510.parest_r solves a problem from biomedical imaging. Specifically, the underlying problem is the reconstruction of interior properties of a 3d body from multiple observations at its two-dimensional surface, in much the same way as multiple 2d X-ray images are combined to do 3d CT (computed tomography) scans. The difference to CT scans is that the method this program describes is infrared light that does not go through tissues in a straight line, but diffuses.

In order to understand how the overall algorithm works, let us stick with the example of CT for a moment. CT involves taking X-ray exposures of a body from different angles, and obtaining developed photo plates (or today, the data that comes from the digital X-ray detectors) placed on the other side of the body from the X-ray cannon.

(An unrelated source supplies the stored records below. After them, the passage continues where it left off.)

lemma smooth_upto_add:
  "smooth_upto n f \<Longrightarrow> smooth_upto n g \<Longrightarrow> smooth_upto n (\<lambda>x. f x + g x)"
proof (induction n arbitrary: f g)
  case (Suc n)
  have f: "has_partials f" and g: "has_partials g"
    using Suc.prems by auto
  have "continuous_on UNIV (\<lambda>x. f x + g x)"
    using f g unfolding has_partials_def by (auto intro: continuous_on_add)
  moreover have "((\<lambda>t. f (x + t *\<^sub>R axis i 1) + g (x + t *\<^sub>R axis i 1)) has_real_derivative
      pderivs [i] f x + pderivs [i] g x) (at 0)" for i x
    using DERIV_add[OF has_partials_DERIV_0[OF f] has_partials_DERIV_0[OF g]] .
  ultimately show ?case
    using has_partialsI[of "\<lambda>x. f x + g x" "\<lambda>i x. pderivs [i] f x + pderivs [i] g x"] Suc
    by simp
qed simp

lemma smooth_upto_mult:
  "smooth_upto n f \<Longrightarrow> smooth_upto n g \<Longrightarrow> smooth_upto n (\<lambda>x. f x * g x)"
proof (induction n arbitrary: f g)
  case (Suc n)
  have f: "has_partials f" and g: "has_partials g"
    using Suc.prems by auto
  have "continuous_on UNIV (\<lambda>x. f x * g x)"
    using f g unfolding has_partials_def by (auto intro: continuous_on_mult)
  moreover have "((\<lambda>t. f (x + t *\<^sub>R axis i 1) * g (x + t *\<^sub>R axis i 1)) has_real_derivative
      pderivs [i] f x * g x + f x * pderivs [i] g x) (at 0)" for i x
    using DERIV_mult[OF has_partials_DERIV_0[OF f] has_partials_DERIV_0[OF g]]
    by (simp add: mult.commute)
  moreover have "smooth_upto n (\<lambda>x. pderivs [i] f x * g x + f x * pderivs [i] g x)" for i
  proof -
    have "smooth_upto n f" "smooth_upto n g"
      using Suc.prems smooth_upto_SucD by blast+
    with Suc show ?thesis
      by (auto intro!: smooth_upto_add)
  qed
  ultimately show ?case
    using has_partialsI[of "\<lambda>x. f x * g x" "\<lambda>i x. pderivs [i] f x * g x + f x * pderivs [i] g x"] f g
    by simp
qed simp

lemma smooth_const: "smooth (\<lambda>x. c)"
  unfolding smooth_iff_smooth_upto by (simp add: smooth_upto_const)

lemma smooth_add: "smooth f \<Longrightarrow> smooth g \<Longrightarrow> smooth (\<lambda>x. f x + g x)"
  unfolding smooth_iff_smooth_upto by (simp add: smooth_upto_add)

lemma smooth_mult: "smooth f \<Longrightarrow> smooth g \<Longrightarrow> smooth (\<lambda>x. f x * g x)"
  unfolding smooth_iff_smooth_upto by (simp add: smooth_upto_mult)

lemma smooth_cmult: "smooth f \<Longrightarrow> smooth (\<lambda>x. c * f x)"
  by (rule smooth_mult[OF smooth_const])

lemma smooth_diff: "smooth f \<Longrightarrow> smooth g \<Longrightarrow> smooth (\<lambda>x. f x - g x)"
  using smooth_add[of f "\<lambda>x. (-1) * g x"] smooth_cmult[of g "-1"] by simp

lemma smooth_sum: "finite S \<Longrightarrow> (\<And>j. j \<in> S \<Longrightarrow> smooth (f j)) \<Longrightarrow> smooth (\<lambda>x. \<Sum>j\<in>S. f j x)"
  by (induction S rule: finite_induct) (auto intro: smooth_add smooth_const)

lemma smooth_prod: "finite S \<Longrightarrow> (\<And>j. j \<in> S \<Longrightarrow> smooth (f j)) \<Longrightarrow> smooth (\<lambda>x. \<Prod>j\<in>S. f j x)"
  by (induction S rule: finite_induct) (auto intro: smooth_mult smooth_const)

lemma smooth_component: "smooth (\<lambda>x::real^'n::finite. x $ j)"
  unfolding smooth_iff_smooth_upto
proof
  fix n
  have c: "continuous_on UNIV (\<lambda>x::real^'n. x $ j)"
    by (intro continuous_intros)
  have d: "((\<lambda>t. (\<lambda>x::real^'n. x $ j) (x + t *\<^sub>R axis i 1)) has_real_derivative
      (\<lambda>i x. if j = i then 1 else 0) i x) (at 0)" for i x
    by (auto simp: axis_def intro!: derivative_eq_intros)
  show "smooth_upto n (\<lambda>x::real^'n. x $ j)"
    using has_partialsI[OF c d] by (cases n) (auto intro: smooth_upto_const)
qed

lemma smooth_inner: "smooth (\<lambda>x::real^'n::finite. x \<bullet> v)"
  unfolding inner_vec_def inner_real_def
  by (intro smooth_sum smooth_mult smooth_component smooth_const) simp

lemma smooth_dist_sq: "smooth (\<lambda>x::real^'n::finite. (dist x p)\<^sup>2)"
proof -
  have "(\<lambda>x::real^'n. (dist x p)\<^sup>2) = (\<lambda>x. \<Sum>i\<in>UNIV. (x $ i - p $ i) * (x $ i - p $ i))"
    by (simp add: dist_norm power2_norm_eq_inner inner_vec_def)
  then show ?thesis
    by (simp only:) (intro smooth_sum smooth_mult smooth_diff smooth_component smooth_const; simp)
qed

section \<open>Smooth functions on \<open>\<real>\<close>\<close>

fun differentiable_upto :: "nat \<Rightarrow> (real \<Rightarrow> real) \<Rightarrow> bool" where
  "differentiable_upto 0 g = True"
| "differentiable_upto (Suc n) g \<longleftrightarrow> (\<forall>x. g differentiable at x) \<and> differentiable_upto n (deriv g)"

lemma differentiable_upto_iff:
  "differentiable_upto n g \<longleftrightarrow> (\<forall>k<n. \<forall>x. (deriv ^^ k) g differentiable at x)"
proof (induction n arbitrary: g)
  case (Suc n)
  have "(\<forall>k<Suc n. \<forall>x. (deriv ^^ k) g differentiable at x) \<longleftrightarrow>
      (\<forall>x. g differentiable at x) \<and> (\<forall>k<n. \<forall>x. (deriv ^^ k) (deriv g) differentiable at x)"
    unfolding All_less_Suc2 by (simp add: funpow_Suc_right del: funpow.simps)
  then show ?case
    using Suc.IH by simp
qed simp

lemma smooth1_iff_differentiable_upto: "smooth1 g \<longleftrightarrow> (\<forall>n. differentiable_upto n g)"
  unfolding smooth1_def differentiable_upto_iff by (metis lessI)

lemma differentiable_upto_SucD: "differentiable_upto (Suc n) f \<Longrightarrow> differentiable_upto n f"
  by (induction n arbitrary: f) auto

lemma smooth1_deriv: "smooth1 g \<Longrightarrow> smooth1 (deriv g)"
  unfolding smooth1_iff_differentiable_upto by (metis differentiable_upto.simps(2))

lemma smooth1_DERIV: "smooth1 g \<Longrightarrow> (g has_real_derivative deriv g x) (at x)"
  unfolding smooth1_iff_differentiable_upto
  by (metis differentiable_upto.simps(2) DERIV_deriv_iff_real_differentiable)

lemma smooth1_continuous_on: "smooth1 g \<Longrightarrow> continuous_on S g"
  using smooth1_DERIV DERIV_isCont continuous_at_imp_continuous_on by blast

lemma deriv_eqI: "(\<And>x. (f has_real_derivative g x) (at x)) \<Longrightarrow> deriv f = g"
  by (rule ext) (simp add: DERIV_imp_deriv)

There is then a mathematical algorithm called the "inverse Radon transform" that reconstructs the 3d interior make up of the body from these 2d exposures.

When given a number of exposures from different angles, an implementation of the algorithm will create some reconstruction of the body's interior. But is your implementation correct? We don't know, because we don't know what the exact make-up of the body was when the exposures were taken.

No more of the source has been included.